The real story is that of how dominant the real estate sector has been in total investment. However, after a peak in 2014-15, investment in real estate has fluctuated around a stagnant trend, such that its share of total investment fell from 25.5 per cent in 2011-12 to 18.3 in 2021-22.
Such disaggregation further confirms the broader macroeconomic story behind the overall decline and then stagnation in investment rates. The underlying cause is inequality, which has been the defining feature of economic growth in India over the past decade. As the stimulus for and the fruits of economic expansion accrue to a relatively small part of the Indian population, the lack of much improvement in the material conditions of the majority mean that a large domestic market for mass consumption goods does not develop as much as it could have. This conclusion is confirmed by other evidence, such as the decline in two-wheeler sales even as the demand for luxury passenger vehicles explodes.

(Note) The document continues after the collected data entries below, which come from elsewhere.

(* Consider the stochastic rolling-window dispatch problem $P_t$ described in the context with an optimal primal-dual solution, and define $\pi^{LMP}_t:=\lambda_t^*$ and, for ESR $i$, $\pi_{it}^{TLMP\text{-}C}:=\lambda^*_t-\xi_i^{C}\phi^*_{it}-\Delta_{it}^{C*}$, $\pi_{it}^{TLMP\text{-}D}:=\lambda^*_t-\phi^*_{it}/\xi_i^{D}+\Delta_{it}^{D*}$, where $\Delta_{it}^{C*}:=-(\bar{\mu}_{it}^{C*}-\underline{\mu}_{it}^{C*})+\sum_{k=1}^K(\bar{\mu}_{i(t+1)k}^{C*}-\underline{\mu}_{i(t+1)k}^{C*})$ and $\Delta_{it}^{D*}$ is defined identically with $D$ in place of $C$. Suppose that in window $\mathscr{H}_t$, at the optimal solution: (1) no ramping constraint of storage $i$ from $t-1$ to $t$, nor from $t$ to $t+1$ (in any scenario), is binding; and (2) no SOC limit constraint of storage $i$ is binding in any interval from $t$ to $t+W-1$ (in any scenario). Then $\pi_{it}^{TLMP\text{-}C}=\pi_{it}^{TLMP\text{-}D}=\pi^{LMP}_t$.
   Context: Single-bus market with $N$ energy storage resources (ESRs) indexed by $i$. ESR $i$ has charging/discharging efficiencies $\xi_i^{C},\xi_i^{D}\in(0,1]$, SOC limits $\underline{E}_i\le\bar{E}_i$, charging/discharging power limits $(\underline{g}_i^{C},\bar{g}_i^{C})$, $(\underline{g}_i^{D},\bar{g}_i^{D})$, ramp limits $\underline{r}_i^{C},\bar{r}_i^{C},\underline{r}_i^{D},\bar{r}_i^{D}$, and bid-in charging benefit and discharging cost functions $f^{C}_{it},f^{D}_{it}$. At interval $t$ the operator solves, over the window $\mathscr{H}_t=\{t,\dots,t+W-1\}$, given realized inelastic demand $d_t$, $K$ demand forecast scenarios $\hat d_{t'k}$ ($t'\in\mathscr{H}_t\setminus\{t\}$) with probabilities $\epsilon_k$, and previously realized values $g^{C*}_{i(t-1)},g^{D*}_{i(t-1)},E^*_{i(t-1)}$, the problem $P_t$: minimize $\sum_i\big(f^{D}_{it}(g^{D}_{it})-f^{C}_{it}(g^{C}_{it})\big)+\sum_k\epsilon_k\sum_{t'\in\mathscr{H}_t\setminus\{t\}}\sum_i\big(f^{D}_{it'}(g^{D}_{it'k})-f^{C}_{it'}(g^{C}_{it'k})\big)$ subject to, for all $i$, $k$, $t'\in\mathscr{H}_t\setminus\{t\}$ (with the convention that in scenario $k$ the interval-$t$ variables are the binding variables $g_{it},E_{it}$): power balance $\sum_i(g^{D}_{it}-g^{C}_{it})=d_t$ (multiplier $\lambda_t$) and $\sum_i(g^{D}_{it'k}-g^{C}_{it'k})=\hat d_{t'k}$; SOC transition $E_{it}-E^*_{i(t-1)}=\xi_i^{C}g^{C}_{it}-g^{D}_{it}/\xi_i^{D}$ (multiplier $\phi_{it}$) and $E_{it'k}-E_{i(t'-1)k}=\xi_i^{C}g^{C}_{it'k}-g^{D}_{it'k}/\xi_i^{D}$ (multiplier $\phi_{it'k}$); SOC limits $\underline{E}_i\le E_{it}\le\bar E_i$ (multipliers $\underline{\delta}_{it},\bar\delta_{it}$), $\underline{E}_i\le E_{it'k}\le\bar E_i$ (multipliers $\underline{\delta}_{it'k},\bar\delta_{it'k}$); ramping $-\underline{r}_i^{C}\le g^{C}_{it}-g^{C*}_{i(t-1)}\le\bar r_i^{C}$ (multipliers $\underline{\mu}^{C}_{it},\bar\mu^{C}_{it}$), $-\underline{r}_i^{C}\le g^{C}_{it'k}-g^{C}_{i(t'-1)k}\le\bar r_i^{C}$ (multipliers $\underline{\mu}^{C}_{it'k},\bar\mu^{C}_{it'k}$), and the same with $D$ in place of $C$; power limits $\underline g_i^{C}\le g^{C}\le\bar g_i^{C}$, $\underline g_i^{D}\le g^{D}\le\bar g_i^{D}$ for all binding and scenario variables (multipliers $\underline\rho,\bar\rho$). Multipliers of inequality constraints are nonnegative and enter the Lagrangian as $\bar\mu(x-\text{upper})+\underline\mu(\text{lower}-x)$; SOC transition equalities enter as $\phi\times$(LHS$-$RHS); power balance enters as $\lambda_t\big(d_t-\sum_i(g^D_{it}-g^C_{it})\big)$. $\pi^{LMP}_t$ is the locational marginal price and $\pi^{TLMP}_{it}$ the temporal locational marginal price of ESR $i$ (charging/discharging versions). *)

theory Defs
  imports Main Complex_Main
begin

text \<open>ESRs are indexed by i < N, scenarios by k < K, time is absolute (nat).
  The current interval is t; the look-ahead scenario intervals are
  t' in {t+1 ..< t+W}.\<close>

record esr_data =
  xiC  :: "nat \<Rightarrow> real"
  xiD  :: "nat \<Rightarrow> real"
  Emin :: "nat \<Rightarrow> real"
  Emax :: "nat \<Rightarrow> real"
  gCmin :: "nat \<Rightarrow> real"
  gCmax :: "nat \<Rightarrow> real"
  gDmin :: "nat \<Rightarrow> real"
  gDmax :: "nat \<Rightarrow> real"
  rCdn :: "nat \<Rightarrow> real"
  rCup :: "nat \<Rightarrow> real"
  rDdn :: "nat \<Rightarrow> real"
  rDup :: "nat \<Rightarrow> real"
  fC :: "nat \<Rightarrow> nat \<Rightarrow> real \<Rightarrow> real"  \<comment> \<open>charging benefit f^C_{i t'}\<close>
  fD :: "nat \<Rightarrow> nat \<Rightarrow> real \<Rightarrow> real"  \<comment> \<open>discharging cost f^D_{i t'}\<close>

record mkt_data =
  NN :: nat
  KK :: nat
  WW :: nat
  tt :: nat
  dem :: real          \<comment> \<open>realized demand d_t\<close>
  dhat :: "nat \<Rightarrow> nat \<Rightarrow> real"  \<comment> \<open>forecast dhat_{t' k}\<close>
  eps :: "nat \<Rightarrow> real"          \<comment> \<open>scenario probabilities\<close>
  gC0 :: "nat \<Rightarrow> real"
  gD0 :: "nat \<Rightarrow> real"
  E0  :: "nat \<Rightarrow> real"

text \<open>Primal variables: binding (interval t) ones indexed by i; scenario ones by i t' k.\<close>
record primal =
  gC :: "nat \<Rightarrow> real"
  gD :: "nat \<Rightarrow> real"
  E  :: "nat \<Rightarrow> real"
  gCs :: "nat \<Rightarrow> nat \<Rightarrow> nat \<Rightarrow> real"
  gDs :: "nat \<Rightarrow> nat \<Rightarrow> nat \<Rightarrow> real"
  Es  :: "nat \<Rightarrow> nat \<Rightarrow> nat \<Rightarrow> real"

record dual =
  lam  :: real
  lams :: "nat \<Rightarrow> nat \<Rightarrow> real"
  phi  :: "nat \<Rightarrow> real"
  phis :: "nat \<Rightarrow> nat \<Rightarrow> nat \<Rightarrow> real"
  dlo  :: "nat \<Rightarrow> real"
  dhi  :: "nat \<Rightarrow> real"
  dlos :: "nat \<Rightarrow> nat \<Rightarrow> nat \<Rightarrow> real"
  dhis :: "nat \<Rightarrow> nat \<Rightarrow> nat \<Rightarrow> real"
  muClo :: "nat \<Rightarrow> real"
  muChi :: "nat \<Rightarrow> real"
  muDlo :: "nat \<Rightarrow> real"
  muDhi :: "nat \<Rightarrow> real"
  muClos :: "nat \<Rightarrow> nat \<Rightarrow> nat \<Rightarrow> real"
  muChis :: "nat \<Rightarrow> nat \<Rightarrow> nat \<Rightarrow> real"
  muDlos :: "nat \<Rightarrow> nat \<Rightarrow> nat \<Rightarrow> real"
  muDhis :: "nat \<Rightarrow> nat \<Rightarrow> nat \<Rightarrow> real"
  rhoClo :: "nat \<Rightarrow> real"
  rhoChi :: "nat \<Rightarrow> real"
  rhoDlo :: "nat \<Rightarrow> real"
  rhoDhi :: "nat \<Rightarrow> real"
  rhoClos :: "nat \<Rightarrow> nat \<Rightarrow> nat \<Rightarrow> real"
  rhoChis :: "nat \<Rightarrow> nat \<Rightarrow> nat \<Rightarrow> real"
  rhoDlos :: "nat \<Rightarrow> nat \<Rightarrow> nat \<Rightarrow> real"
  rhoDhis :: "nat \<Rightarrow> nat \<Rightarrow> nat \<Rightarrow> real"

definition scen_ints :: "mkt_data \<Rightarrow> nat set" where
  "scen_ints m = {tt m + 1 ..< tt m + WW m}"

definition prevC :: "mkt_data \<Rightarrow> primal \<Rightarrow> nat \<Rightarrow> nat \<Rightarrow> nat \<Rightarrow> real" where
  "prevC m x i t' k = (if t' = tt m + 1 then gC x i else gCs x i (t' - 1) k)"
definition prevD :: "mkt_data \<Rightarrow> primal \<Rightarrow> nat \<Rightarrow> nat \<Rightarrow> nat \<Rightarrow> real" where
  "prevD m x i t' k = (if t' = tt m + 1 then gD x i else gDs x i (t' - 1) k)"
definition prevE :: "mkt_data \<Rightarrow> primal \<Rightarrow> nat \<Rightarrow> nat \<Rightarrow> nat \<Rightarrow> real" where
  "prevE m x i t' k = (if t' = tt m + 1 then E x i else Es x i (t' - 1) k)"

definition objective :: "esr_data \<Rightarrow> mkt_data \<Rightarrow> primal \<Rightarrow> real" where
  "objective p m x =
     (\<Sum>i<NN m. fD p i (tt m) (gD x i) - fC p i (tt m) (gC x i))
   + (\<Sum>k<KK m. eps m k * (\<Sum>t'\<in>scen_ints m. \<Sum>i<NN m.
          fD p i t' (gDs x i t' k) - fC p i t' (gCs x i t' k)))"

definition feasible :: "esr_data \<Rightarrow> mkt_data \<Rightarrow> primal \<Rightarrow> bool" where
  "feasible p m x \<longleftrightarrow>
     (\<Sum>i<NN m. gD x i - gC x i) = dem m
   \<and> (\<forall>k<KK m. \<forall>t'\<in>scen_ints m. (\<Sum>i<NN m. gDs x i t' k - gCs x i t' k) = dhat m t' k)
   \<and> (\<forall>i<NN m.
        E x i - E0 m i = xiC p i * gC x i - gD x i / xiD p i
      \<and> Emin p i \<le> E x i \<and> E x i \<le> Emax p i
      \<and> - rCdn p i \<le> gC x i - gC0 m i \<and> gC x i - gC0 m i \<le> rCup p i
      \<and> - rDdn p i \<le> gD x i - gD0 m i \<and> gD x i - gD0 m i \<le> rDup p i
      \<and> gCmin p i \<le> gC x i \<and> gC x i \<le> gCmax p i
      \<and> gDmin p i \<le> gD x i \<and> gD x i \<le> gDmax p i
      \<and> (\<forall>k<KK m. \<forall>t'\<in>scen_ints m.
           Es x i t' k - prevE m x i t' k = xiC p i * gCs x i t' k - gDs x i t' k / xiD p i
         \<and> Emin p i \<le> Es x i t' k \<and> Es x i t' k \<le> Emax p i
         \<and> - rCdn p i \<le> gCs x i t' k - prevC m x i t' k \<and> gCs x i t' k - prevC m x i t' k \<le> rCup p i
         \<and> - rDdn p i \<le> gDs x i t' k - prevD m x i t' k \<and> gDs x i t' k - prevD m x i t' k \<le> rDup p i
         \<and> gCmin p i \<le> gCs x i t' k \<and> gCs x i t' k \<le> gCmax p i
         \<and> gDmin p i \<le> gDs x i t' k \<and> gDs x i t' k \<le> gDmax p i))"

It is true that even if a decile or slightly more of the Indian population experiences rapid income growth, that certainly creates a market of around 150-200 million people. But the economies of scale that would result from catering to a market of more than 1.4 billion people are surely much greater. And the rich and middle classes in India are increasingly more willing and able to consume imported goods, making it more difficult for domestic producers to establish dominant market presence. Large private corporate investors looking for such economies of scale are not finding them in today’s economy, and in some sectors they are seeing flat or even declining demand. This is surely one of the more significant reasons for the slowdown in investment rates as well.
This means that reviving investment in India must also be about reducing inequality and ensuring sufficient incomes especially in the bottom half of the population, to generate a dynamic mass market. In turn, this means seeing wages not just as costs that have to be suppressed, but as sources of demand that are crucial for investment.